**About this exercise**. Looking at the listing beneath, work out how many lines hold "unfolding" and report only that figure.

====================

lemma reaction_lower_bound:
  fixes a b c :: real
  assumes "0 < a" "0 < b" "a \<le> c" "b \<le> c"
  shows "a^2 * b^2 \<le> c^4 - (a^2 - b^2)^2"
proof -
  have "(x - y)^2 + x * y \<le> y^2" if "0 \<le> x" "x \<le> y" for x y :: real
  proof -
    have "x * x \<le> x * y"
      using that by (simp add: mult_left_mono)
    then show ?thesis
      by (simp add: power2_eq_square algebra_simps)
  qed
  then have "(a^2 - b^2)^2 + a^2 * b^2 \<le> (max (a^2) (b^2))^2"
    by (smt (verit) zero_le_power2 power2_commute mult.commute)
  also have "\<dots> \<le> (c^2)^2"
    using assms by (simp add: max_def power_mono)
  finally show ?thesis
    by simp
qed

definition warping_velocity :: "(real \<Rightarrow> real \<Rightarrow> real) \<Rightarrow> (real \<Rightarrow> real \<Rightarrow> real) \<Rightarrow>
    (real \<Rightarrow> real \<Rightarrow> real) \<Rightarrow> (real \<Rightarrow> real \<Rightarrow> real) \<Rightarrow> real \<Rightarrow> real \<Rightarrow> real" where
  "warping_velocity \<phi> x y w z t = ds \<phi> (ds \<phi> x) z t
     + ds \<phi> x z t * (ds \<phi> y z t / y z t + ds \<phi> w z t / w z t)
     - 2 * ((x z t)^4 - ((y z t)^2 - (w z t)^2)^2) / (x z t * (y z t)^2 * (w z t)^2)"

lemma bianchi_rf_smooth:
  assumes "bianchi_rf T \<phi> a b c"
  shows "smooth_zt T \<phi>" "smooth_zt T a" "smooth_zt T b" "smooth_zt T c"
  using assms by (simp_all add: bianchi_rf_def)

lemma bianchi_rf_pos:
  assumes "bianchi_rf T \<phi> a b c" and "t \<in> {0..<T}"
  shows "0 < \<phi> z t" "0 < a z t" "0 < b z t" "0 < c z t"
  using assms unfolding bianchi_rf_def by blast+

lemma bianchi_rf_periodic:
  assumes "bianchi_rf T \<phi> a b c" and "t \<in> {0..<T}"
  shows "a (z + 2*pi) t = a z t" "b (z + 2*pi) t = b z t" "c (z + 2*pi) t = c z t"
  using assms unfolding bianchi_rf_def by blast+

lemma bianchi_rf_evolution:
  assumes "bianchi_rf T \<phi> a b c" and "t \<in> {0<..<T}"
  shows "dt b z t = warping_velocity \<phi> b a c z t" "dt c z t = warping_velocity \<phi> c a b z t"
  using assms unfolding bianchi_rf_def warping_velocity_def by blast+

lemma bianchi_rf_swap:
  assumes "bianchi_rf T \<phi> a b c"
  shows "bianchi_rf T \<phi> b a c"
  using assms unfolding bianchi_rf_def by (simp add: ac_simps power2_commute)

lemma bianchi_rf_ratio_at_spatial_max:
  assumes flow: "bianchi_rf T \<phi> a b c" and t: "t \<in> {0<..<T}" and z0: "z0 \<in> {0..2*pi}"
    and max: "\<And>z. z \<in> {0..2*pi} \<Longrightarrow> b z t / c z t \<le> b z0 t / c z0 t"
    and "a z0 t \<le> b z0 t" and "c z0 t \<le> b z0 t"
  shows "dt b z0 t * c z0 t - b z0 t * dt c z0 t \<le> 0"
proof -
  have t': "t \<in> {0..<T}"
    using t by simp
  note smooth = bianchi_rf_smooth[OF flow] and pos = bianchi_rf_pos[OF flow t']
  define k where "k = b z0 t / c z0 t"
  have "b z t - k * c z t \<le> b z0 t - k * c z0 t" if "z \<in> {0..2*pi}" for z
    using max[OF that] pos[of z] pos[of z0] by (simp add: k_def divide_le_eq)
  then have "ds \<phi> b z0 t = k * ds \<phi> c z0 t" "ds \<phi> (ds \<phi> b) z0 t \<le> k * ds \<phi> (ds \<phi> c) z0 t"
    using smooth_zt_ds_at_max[OF smooth(1,3,4) t' z0 pos(1)] bianchi_rf_periodic[OF flow t'] by auto
  then have "ds \<phi> b z0 t * c z0 t = b z0 t * ds \<phi> c z0 t"
      "ds \<phi> (ds \<phi> b) z0 t * c z0 t \<le> b z0 t * ds \<phi> (ds \<phi> c) z0 t"
    using pos(4)[of z0] by (simp_all add: k_def field_simps)
  from ratio_reaction_nonpos[OF pos(3) pos(2) pos(4) \<open>c z0 t \<le> b z0 t\<close> \<open>a z0 t \<le> b z0 t\<close> this]
  show ?thesis
    by (simp add: bianchi_rf_evolution[OF flow t] warping_velocity_def)
qed

lemma bianchi_rf_c_at_spatial_max:
  assumes flow: "bianchi_rf T \<phi> a b c" and t: "t \<in> {0<..<T}" and z0: "z0 \<in> {0..2*pi}"
    and max: "\<And>z. z \<in> {0..2*pi} \<Longrightarrow> c z t \<le> c z0 t"
    and ac: "a z0 t \<le> c z0 t" and bc: "b z0 t \<le> c z0 t"
  shows "c z0 t * dt c z0 t \<le> -2"
proof -
  have t': "t \<in> {0..<T}"
    using t by simp
  note smooth = bianchi_rf_smooth[OF flow] and pos = bianchi_rf_pos[OF flow t']
  have ds_c: "ds \<phi> c z0 t = 0" and ds_ds_c: "ds \<phi> (ds \<phi> c) z0 t \<le> 0"
    using smooth_zt_ds_at_max[OF smooth(1,4,4) t' z0 pos(1), of 0] max bianchi_rf_periodic[OF flow t']
    by auto
  have "(a z0 t)^2 * (b z0 t)^2 \<le> (c z0 t)^4 - ((a z0 t)^2 - (b z0 t)^2)^2"
    by (rule reaction_lower_bound) (use pos ac bc in auto)
  then have "2 \<le> c z0 t * (2 * ((c z0 t)^4 - ((a z0 t)^2 - (b z0 t)^2)^2)
      / (c z0 t * (a z0 t)^2 * (b z0 t)^2))"
    using pos[of z0] by (simp add: le_divide_eq)
  moreover have "c z0 t * ds \<phi> (ds \<phi> c) z0 t \<le> 0"
    using pos(4)[of z0] ds_ds_c by (simp add: mult_nonneg_nonpos)
  ultimately show ?thesis
    by (simp add: bianchi_rf_evolution[OF flow t] warping_velocity_def ds_c algebra_simps)
qed

lemma bianchi_rf_ratio_touch_impossible:
  assumes flow: "bianchi_rf T \<phi> a b c" and "0 < \<epsilon>" and t0: "t0 \<in> {0<..<T}"
    and z0: "z0 \<in> {0..2*pi}" and "a z0 t0 \<le> b z0 t0"
    and max: "\<And>z. z \<in> {0..2*pi} \<Longrightarrow> b z t0 / c z t0 \<le> b z0 t0 / c z0 t0"
    and touch: "1 + \<epsilon> * (1 + t0) \<le> b z0 t0 / c z0 t0"
    and before: "\<And>t. t \<in> {0..<t0} \<Longrightarrow> b z0 t / c z0 t < 1 + \<epsilon> * (1 + t)"
  shows False
proof -
  have "0 < c z0 t0"
    using bianchi_rf_pos[OF flow] t0 by simp
  have "0 < \<epsilon> * (1 + t0)"
    using \<open>0 < \<epsilon>\<close> t0 by simp
  then have "1 < b z0 t0 / c z0 t0"
    using touch by linarith
  then have "c z0 t0 \<le> b z0 t0"
    using \<open>0 < c z0 t0\<close> by (simp add: less_divide_eq)
  then have decreasing: "dt b z0 t0 * c z0 t0 - b z0 t0 * dt c z0 t0 \<le> 0"
    by (intro bianchi_rf_ratio_at_spatial_max[OF flow t0 z0 max \<open>a z0 t0 \<le> b z0 t0\<close>])
  have "((\<lambda>s. b z0 s / c z0 s - \<epsilon> * (1 + s)) has_real_derivative
      (dt b z0 t0 * c z0 t0 - b z0 t0 * dt c z0 t0) / (c z0 t0 * c z0 t0) - \<epsilon>) (at t0)"
    using smooth_zt_has_derivative_t[OF bianchi_rf_smooth(3)[OF flow] t0]
      smooth_zt_has_derivative_t[OF bianchi_rf_smooth(4)[OF flow] t0] \<open>0 < c z0 t0\<close>
    by (auto intro!: derivative_eq_intros)
  moreover have "b z0 s / c z0 s - \<epsilon> * (1 + s) \<le> b z0 t0 / c z0 t0 - \<epsilon> * (1 + t0)"
    if "0 < s" "s < t0" for s
    using before[of s] touch that by simp
  ultimately have "0 \<le> (dt b z0 t0 * c z0 t0 - b z0 t0 * dt c z0 t0) / (c z0 t0 * c z0 t0) - \<epsilon>"
    using t0 by (intro DERIV_nonneg_left_max[where d = t0]) auto
  moreover have "(dt b z0 t0 * c z0 t0 - b z0 t0 * dt c z0 t0) / (c z0 t0 * c z0 t0) \<le> 0"
    by (rule divide_nonpos_nonneg) (use decreasing in auto)
  ultimately show False
    using \<open>0 < \<epsilon>\<close> by linarith
qed

lemma bianchi_rf_c_largest:
  assumes flow: "bianchi_rf T \<phi> a b c"
    and init: "\<And>z. z \<in> {0..2*pi} \<Longrightarrow> a z 0 \<le> c z 0 \<and> b z 0 \<le> c z 0"
    and t: "t \<in> {0..<T}" and z: "z \<in> {0..2*pi}"
  shows "a z t \<le> c z t \<and> b z t \<le> c z t"
proof -
  let ?u = "\<lambda>z t. max (a z t / c z t) (b z t / c z t) - 1"
  note pos = bianchi_rf_pos[OF flow] and smooth = bianchi_rf_smooth[OF flow]
  have "?u z t \<le> 0"
  proof (rule perturbed_max_principle[OF _ _ _ t z])
    show "continuous_on (UNIV \<times> {0..<T}) (\<lambda>x. ?u (fst x) (snd x))"
      using smooth_zt_continuous[OF smooth(2)] smooth_zt_continuous[OF smooth(3)]
        smooth_zt_continuous[OF smooth(4)] pos(4)
      by (intro continuous_intros) (auto simp: less_imp_neq[symmetric])
    show "?u z 0 \<le> 0" if "z \<in> {0..2*pi}" for z
      using init[OF that] pos(4)[of 0 z] t by simp
  next
    fix \<epsilon> t0 z0
    assume "0 < \<epsilon>" and t0: "t0 \<in> {0<..<T}" and z0: "z0 \<in> {0..2*pi}"
      and max: "\<And>z. z \<in> {0..2*pi} \<Longrightarrow> ?u z t0 \<le> ?u z0 t0" and touch: "\<epsilon> * (1 + t0) \<le> ?u z0 t0"
      and before: "\<And>t. t \<in> {0..<t0} \<Longrightarrow> ?u z0 t < \<epsilon> * (1 + t)"
    have no_touch: False if flow': "bianchi_rf T \<phi> q p c" and "q z0 t0 \<le> p z0 t0"
      and u: "\<And>z t. max (a z t / c z t) (b z t / c z t) = max (q z t / c z t) (p z t / c z t)" for p q
    proof (rule bianchi_rf_ratio_touch_impossible[OF flow' \<open>0 < \<epsilon>\<close> t0 z0 \<open>q z0 t0 \<le> p z0 t0\<close>])
      have "0 < c z0 t0"
        using pos(4) t0 by simp
      then have p_max: "max (q z0 t0 / c z0 t0) (p z0 t0 / c z0 t0) = p z0 t0 / c z0 t0"
        using \<open>q z0 t0 \<le> p z0 t0\<close> by (simp add: divide_right_mono)
      show "p z t0 / c z t0 \<le> p z0 t0 / c z0 t0" if "z \<in> {0..2*pi}" for z
        using max[OF that] unfolding u p_max by simp
      show "1 + \<epsilon> * (1 + t0) \<le> p z0 t0 / c z0 t0"
        using touch unfolding u p_max by simp
      show "p z0 t / c z0 t < 1 + \<epsilon> * (1 + t)" if "t \<in> {0..<t0}" for t
        using before[OF that] by (simp add: u)
    qed
    consider "a z0 t0 \<le> b z0 t0" | "b z0 t0 \<le> a z0 t0"
      by linarith
    then show False
    proof cases
      case 1
      then show False
        by (rule no_touch[OF flow]) simp
    next
      case 2
      then show False
        by (rule no_touch[OF bianchi_rf_swap[OF flow]]) (simp add: max.commute)
    qed
  qed
  then show ?thesis
    using pos(4)[OF t, of z] by (simp add: divide_le_eq_1)
qed

lemma bianchi_rf_c_sq_decay:
  assumes flow: "bianchi_rf T \<phi> a b c"
    and largest: "\<And>t z. t \<in> {0..<T} \<Longrightarrow> z \<in> {0..2*pi} \<Longrightarrow> a z t \<le> c z t \<and> b z t \<le> c z t"
    and init: "\<And>z. z \<in> {0..2*pi} \<Longrightarrow> (c z 0)^2 \<le> K"
    and t: "t \<in> {0..<T}" and z: "z \<in> {0..2*pi}"
  shows "(c z t)^2 \<le> K - 4 * t"
proof -
  let ?u = "\<lambda>z t. (c z t)^2 - (K - 4 * t)"
  note pos = bianchi_rf_pos[OF flow]
  have "?u z t \<le> 0"
  proof (rule perturbed_max_principle[OF _ _ _ t z])
    show "continuous_on (UNIV \<times> {0..<T}) (\<lambda>x. ?u (fst x) (snd x))"
      using smooth_zt_continuous[OF bianchi_rf_smooth(4)[OF flow]] by (intro continuous_intros)
    show "?u z 0 \<le> 0" if "z \<in> {0..2*pi}" for z
      using init[OF that] by simp
  next
    fix \<epsilon> t0 z0
    assume "0 < \<epsilon>" and t0: "t0 \<in> {0<..<T}" and z0: "z0 \<in> {0..2*pi}"
      and max: "\<And>z. z \<in> {0..2*pi} \<Longrightarrow> ?u z t0 \<le> ?u z0 t0" and touch: "\<epsilon> * (1 + t0) \<le> ?u z0 t0"
      and before: "\<And>t. t \<in> {0..<t0} \<Longrightarrow> ?u z0 t < \<epsilon> * (1 + t)"
    have t0': "t0 \<in> {0..<T}"
      using t0 by simp
    have "c z t0 \<le> c z0 t0" if "z \<in> {0..2*pi}" for z
    proof (rule power2_le_imp_le)
      show "(c z t0)^2 \<le> (c z0 t0)^2"
        using max[OF that] by simp
      show "0 \<le> c z0 t0"
        using pos(4)[OF t0', of z0] by simp
    qed
    then have speed: "c z0 t0 * dt c z0 t0 \<le> -2"
      using bianchi_rf_c_at_spatial_max[OF flow t0 z0] largest[OF t0' z0] by blast
    have "((\<lambda>s. ?u z0 s - \<epsilon> * (1 + s)) has_real_derivative
        2 * c z0 t0 * dt c z0 t0 + 4 - \<epsilon>) (at t0)"
      using smooth_zt_has_derivative_t[OF bianchi_rf_smooth(4)[OF flow] t0]
      by (auto intro!: derivative_eq_intros)
    moreover have "?u z0 s - \<epsilon> * (1 + s) \<le> ?u z0 t0 - \<epsilon> * (1 + t0)" if "0 < s" "s < t0" for s
      using before[of s] touch that by simp
    ultimately have "0 \<le> 2 * c z0 t0 * dt c z0 t0 + 4 - \<epsilon>"
      using t0 by (intro DERIV_nonneg_left_max[where d = t0]) auto
    then show False
      using speed \<open>0 < \<epsilon>\<close> by linarith
  qed
  then show ?thesis
    by simp
qed

lemma chat_attains_max:
  assumes "continuous_on {0..2*pi} (\<lambda>z. c z t)"
  obtains zm where "zm \<in> {0..2*pi}" "chat c t = c zm t" "\<And>z. z \<in> {0..2*pi} \<Longrightarrow> c z t \<le> chat c t"
proof -
  obtain zm where zm: "zm \<in> {0..2*pi}" and max: "\<And>z. z \<in> {0..2*pi} \<Longrightarrow> c z t \<le> c zm t"
    using continuous_attains_sup[OF compact_Icc _ assms] by auto
  then have "chat c t = c zm t"
    unfolding chat_def by (intro cSup_eq_maximum) auto
  then show ?thesis
    using that zm max by simp
qed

====================

**Output**. 7